Now scrubbed up but left intentionally battered and bruised, exposing intriguing layers of old Soviet tiles and crumbling brickwork, the structure has been adapted with the minimum of intervention. It is a process Koolhaas describes as “not restoring the building, but preserving its decay”. Wrapped in a translucent shroud, the concrete carcass takes on a sort of hallowed preciousness, an antique sealed inside a vitrine. The facade acts as a life-support system around the ailing ruin, the new infrastructure of ducts and pipes made visible through the translucent facade as a ghostly mirage of technical services. At night, the whole thing glows beautifully, like a refinery in the mist.

For Koolhaas, building in Moscow has an added poignancy: it was this city, he says, that switched him on to architecture. Visiting in the 1960s, while working as a journalist, he encountered buildings for the first time that showed architecture “wasn’t just the creation of forms, but that it could be a powerful tool to reorganise life, from the structure of the family to the city.”

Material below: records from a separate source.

lemma last_below_q: "\<pi> n < q"
  using square_below_q_iff[OF p_range] p_less_q \<pi>_p by simp

lemma after_q_not_q: "q < y \<Longrightarrow> y \<le> n \<Longrightarrow> \<pi> y \<noteq> q"
  using square_below_q_iff[of y] \<pi>_q p_less_q q_range by auto

(* Otherwise take w > q with the least value \<pi> w > q: the entry of value \<pi> w - 1 lies strictly
   between p and q, and together with w and n it forms a 231. *)
lemma after_q_below_q: "q < y \<Longrightarrow> y \<le> n \<Longrightarrow> \<pi> y < q"
proof (rule ccontr)
  assume y: "q < y" "y \<le> n" and "\<not> \<pi> y < q"
  then have "q < \<pi> y" using after_q_not_q by fastforce
  then obtain w where w: "q < w" "w \<le> n" "q < \<pi> w"
    and w_min: "\<And>y. q < y \<Longrightarrow> y \<le> n \<Longrightarrow> q < \<pi> y \<Longrightarrow> \<pi> w \<le> \<pi> y"
    using ex_has_least_nat[of "\<lambda>y. q < y \<and> y \<le> n \<and> q < \<pi> y" y \<pi>] y by blast
  have "\<pi> w \<le> n" using maps_into[of w] w q_range by auto
  then have "\<pi> w - 1 \<in> {1..n}" using w q_range by auto
  then obtain x where x: "x \<in> {1..n}" "\<pi> x = \<pi> w - 1" using surj_onto by blast
  have "p < x"
    using below_p_iff[OF x(1)] \<pi>_p p_less_q x w \<open>\<pi> w \<le> n\<close> by (cases "x = p") auto
  moreover have "x < q"
  proof -
    have "x \<noteq> q" using x \<pi>_q p_less_q w by auto
    moreover have "\<not> q < x"
    proof
      assume "q < x"
      then have "\<pi> x \<noteq> q" using after_q_not_q[of x] x by auto
      moreover have "q \<le> \<pi> x" using x w by auto
      ultimately have "\<pi> w \<le> \<pi> x" using w_min[of x] \<open>q < x\<close> x by auto
      then show False using x w by auto
    qed
    ultimately show ?thesis by simp
  qed
  moreover have "w < n" using last_below_q w by (cases "w = n") auto
  ultimately have "\<pi> w < \<pi> x"
    using avoids_231D[OF avoids_231, of x w n] last_below_q x w by simp
  then show False using x by simp
qed

lemma after_q_between: "q < y \<Longrightarrow> y \<le> n \<Longrightarrow> p < \<pi> y \<and> \<pi> y < q"
  using above_p[of y] after_q_below_q[of y] p_less_q by simp

lemma card_after_q_image: "card (\<pi> ` {q<..n}) = n - q"
  using card_image[OF permutes_inj_on[OF permutes]] by simp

“There is something incredibly generous about Soviet architecture,” he adds, striding up the Garage’s broad central staircase, one of the great surviving features of the original building. “It has a scale, in terms of receiving the public, that we just don’t do any more.”

He says that working with the Brezhnev-era building removed the pressure he often feels to be a gushing font of originality. “We didn’t have to think about inventing spectacular new shapes. You could say we are obstinately trying to be old-fashioned.”

It’s the same reason he agreed to convert a Milanese distillery into a new art gallery for Miuccia Prada, which opened last month, a project with a much bigger budget and in a different league of detail and finish. Garage feels a bit bargain-basement by comparison – owing in part to the relative skills of the local contractors, as well as budget constraints.

The design is relatively straightforward and free of OMA’s usual quirky structural tricks, once you get past the sliding entrance portals. Plywood-lined steps, reminiscent of the practice’s New York Prada store, lead you to an educational area, where visitors can explore the Garage digital archive, and back down the terraced levels of a bookshop. Up on the main gallery floor, there’s a big open space, currently filled with ping-pong antics, along with rooms bursting with the spotty red universe of Yayoi Kusama. When the building is finally completed in September, a big red staircase will lead up to an open roof-deck.

At the other end of the building are a series of side galleries, currently showing an interesting mix of archive projects including photographs of Moscow’s underground art scene from the 1970s and 80s, which feel like hurried sketches for what might one day become fuller exhibitions. This provisional feeling is not helped by the fact that the galleries have the character of corridors, sidelined from the grand public gestures at the heart of the building. It seems more space has been devoted to people-watching than providing useful walls to hang work on. The ad-hoc sensibility may well derive from the fact that the project was originally intended to be temporary, until the dawning realisation that converting a wreck was no small matter: as the budget escalated to $27m, the scheme became rather more permanent.

Once the nearby Hexagon complex is reborn as a further museum space (a project also being designed OMA, but which is still at a confidential stage), this rough-and-ready shed should make more sense as the loose-fit foil to more conventional galleries planned in the Hexagon buildings. Against all the odds, it sets an important precedent for how more buildings of the period, with their public-minded generosity of a bygone era, might be saved from the march of Moscow’s insatiable wrecking ball.